- Died: 1350
- Father: Étienne Blanc, Lord of Reveux and Du Fay
- Mother: Agnès de Varennes

= Godemar I du Fay =

French nobleman

Godemar I du Fay (died 1350) was a 14th century French noble.

==Life==
Du Fay was the son of Étienne Blanc, Lord of Reveux and Du Fay and Agnès de Varennes. Fay was appointed in 1328, the Baille of Vitry. in 1330 the Baille of Chaumont and in 1338 as the Governor of Tournai and Baille of Lille. He was the Baille of Vermandois during 1341-1342 and again in 1345-1346. While in command of a French force guarding the ford at Blanchetaque, 10 mi from the sea on 24 August 1346, he was involved in the Battle of Blanchetaque. King Edward III of England was attempting to cross the River Somme and encountered the blocking force under Fay. Upon the waning of the tide, a force of English longbowmen marched part way across the ford, and, standing in the water, engaged a force of mercenary crossbowmen, whose fire they were able to suppress. A French cavalry force attempted to push back the longbowmen, but were in turn attacked by English knights. After a disorderly melee in the river, the French were pushed back, with more English troops joining the fight, with the result that the French broke and fled to Abbeville. French casualties were reported as over half of their force, while English losses were light. Du Fay was seriously wounded, but escaped.

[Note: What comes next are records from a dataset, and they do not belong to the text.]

lemma length_chain_of_rank: "length (chain_of_rank f) = Suc k"
  by (simp add: chain_of_rank_def)

lemma mem_k_chain_iff_rank_le:
  assumes c: "c \<in> k_chains P le k" and "x \<in> P" "i \<le> k"
  shows "x \<in> c ! i \<longleftrightarrow> rank_of_chain c x \<le> i"
proof
  assume "x \<in> c ! i"
  have "t < i" if "t \<le> k" "x \<notin> c ! t" for t
    using k_chains_nth_mono[OF c, of i t] \<open>x \<in> c ! i\<close> that by (meson not_less subsetD)
  then have "{t. t \<le> k \<and> x \<notin> c ! t} \<subseteq> {..<i}" by blast
  then show "rank_of_chain c x \<le> i"
    using \<open>x \<in> P\<close> card_mono[of "{..<i}"] by (fastforce simp: rank_of_chain_def)
next
  assume rank: "rank_of_chain c x \<le> i"
  show "x \<in> c ! i"
  proof (rule ccontr)
    assume "x \<notin> c ! i"
    then have "{..i} \<subseteq> {t. t \<le> k \<and> x \<notin> c ! t}"
      using k_chains_nth_mono[OF c] \<open>i \<le> k\<close> by auto
    then have "card {..i} \<le> card {t. t \<le> k \<and> x \<notin> c ! t}"
      by (intro card_mono) auto
    then show False using rank \<open>x \<in> P\<close> by (simp add: rank_of_chain_def)
  qed
qed

lemma chain_of_rank_in_k_chains:
  assumes f: "f \<in> ranks"
  shows "chain_of_rank f \<in> k_chains P le k"
proof -
  have "chain_of_rank f ! i \<subset> chain_of_rank f ! j" if ij: "i < j" "j \<le> k" for i j
  proof -
    obtain x where "x \<in> P" "f x = j" using ranksD(4)[OF f, of j] ij by auto
    with ij have "x \<in> chain_of_rank f ! j" "x \<notin> chain_of_rank f ! i"
      by (auto simp: chain_of_rank_nth)
    moreover have "chain_of_rank f ! i \<subseteq> chain_of_rank f ! j"
      using ij by (auto simp: chain_of_rank_nth)
    ultimately show ?thesis by blast
  qed
  then have "sorted_wrt (\<subset>) (chain_of_rank f)"
    by (simp add: sorted_wrt_iff_nth_less length_chain_of_rank)
  moreover have "set (chain_of_rank f) \<subseteq> order_ideals P le"
    using ranksD(3)[OF f] by (fastforce simp: chain_of_rank_def order_ideals_def)
  ultimately show ?thesis by (simp add: k_chains_def length_chain_of_rank)
qed

lemma rank_of_chain_in_ranks:
  assumes c: "c \<in> k_chains P le k"
  shows "rank_of_chain c \<in> ranks"
  unfolding ranks_def
proof (intro CollectI conjI allI ballI impI)
  fix x assume "x \<notin> P"
  then show "rank_of_chain c x = 0" by (simp add: rank_of_chain_def)
next
  fix x assume "x \<in> P"
  have "card {i. i \<le> k \<and> x \<notin> c ! i} \<le> card {..k}"
    by (intro card_mono) auto
  then show "rank_of_chain c x \<le> Suc k" by (simp add: rank_of_chain_def)
next
  fix x y assume "x \<in> P" "y \<in> P" "le x y"
  then have "{i. i \<le> k \<and> x \<notin> c ! i} \<subseteq> {i. i \<le> k \<and> y \<notin> c ! i}"
    using k_chains_nth_in_order_ideals[OF c] by (auto simp: order_ideals_def)
  then have "card {i. i \<le> k \<and> x \<notin> c ! i} \<le> card {i. i \<le> k \<and> y \<notin> c ! i}"
    by (intro card_mono) auto
  then show "rank_of_chain c x \<le> rank_of_chain c y"
    using \<open>x \<in> P\<close> \<open>y \<in> P\<close> by (simp add: rank_of_chain_def)
next
  fix j :: nat assume j: "j \<in> {1..k}"
  then obtain x where x: "x \<in> c ! j" "x \<notin> c ! (j - 1)"
    using k_chains_nth_psubset[OF c, of "j - 1" j] by auto
  then have "x \<in> P"
    using k_chains_nth_in_order_ideals[OF c, of j] j by (auto simp: order_ideals_def)
  moreover have "j - 1 \<le> k" "j \<le> k" using j by auto
  ultimately have "rank_of_chain c x = j"
    using mem_k_chain_iff_rank_le[OF c \<open>x \<in> P\<close>, of j]
      mem_k_chain_iff_rank_le[OF c \<open>x \<in> P\<close>, of "j - 1"] x j by auto
  then show "\<exists>x\<in>P. rank_of_chain c x = j" using \<open>x \<in> P\<close> by blast
qed

lemma rank_of_chain_of_rank:
  assumes "f \<in> ranks"
  shows "rank_of_chain (chain_of_rank f) = f"
proof
  fix x
  show "rank_of_chain (chain_of_rank f) x = f x"
  proof (cases "x \<in> P")
    case True
    then have "{i. i \<le> k \<and> x \<notin> chain_of_rank f ! i} = {..<f x}"
      using ranksD(2)[OF assms, of x] by (auto simp: chain_of_rank_nth)
    with True show ?thesis by (simp add: rank_of_chain_def)
  qed (simp add: rank_of_chain_def ranksD(1)[OF assms])
qed

lemma chain_of_rank_of_chain:
  assumes c: "c \<in> k_chains P le k"
  shows "chain_of_rank (rank_of_chain c) = c"
proof (rule nth_equalityI)
  show "length (chain_of_rank (rank_of_chain c)) = length c"
    using c by (simp add: length_chain_of_rank k_chains_def)
  fix i assume "i < length (chain_of_rank (rank_of_chain c))"
  then have "i \<le> k" by (simp add: length_chain_of_rank)
  moreover have "c ! i \<subseteq> P"
    using k_chains_nth_in_order_ideals[OF c \<open>i \<le> k\<close>] by (simp add: order_ideals_def)
  ultimately show "chain_of_rank (rank_of_chain c) ! i = c ! i"
    using mem_k_chain_iff_rank_le[OF c] by (auto simp: chain_of_rank_nth)
qed

lemma bij_betw_chain_of_rank: "bij_betw chain_of_rank ranks (k_chains P le k)"
  by (rule bij_betw_byWitness[where f' = rank_of_chain])
     (auto simp: rank_of_chain_of_rank chain_of_rank_of_chain chain_of_rank_in_k_chains
        rank_of_chain_in_ranks)

lemma expect_chain_prob_eq_sum_ranks:
  "expect P le (chain_prob P le k) T =
    (\<Sum>f\<in>ranks. \<Sum>i\<le>k. T {x\<in>P. f x \<le> i}) / (real (Suc k) * real (card (k_chains P le k)))"
proof -
  have "(\<Sum>c\<in>k_chains P le k. \<Sum>i\<le>k. T (c ! i)) = (\<Sum>f\<in>ranks. \<Sum>i\<le>k. T (chain_of_rank f ! i))"
    by (rule sum.reindex_bij_betw[OF bij_betw_chain_of_rank, symmetric])
  then show ?thesis
    by (simp add: expect_chain_prob[OF finite_P] chain_of_rank_nth)
qed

Du Fay was appointed Baille of Sens in 1347 and Seneschal of Beaucaire in 1348. He died in 1350.

==Marriage and issue==
Du Fay married firstly Agathe, daughter of Guy D'Albon and Marguerite d'Oingt, they had the following known issue:
- Étienne du Fay, married Phil de Clermont, had issue.

He married secondly Marie, daughter of Jean III de Choiseul and Alix de Grancey, they had the following known issue:
- Godemar II du Fay, married Marguerite de Bauffremont, had issue.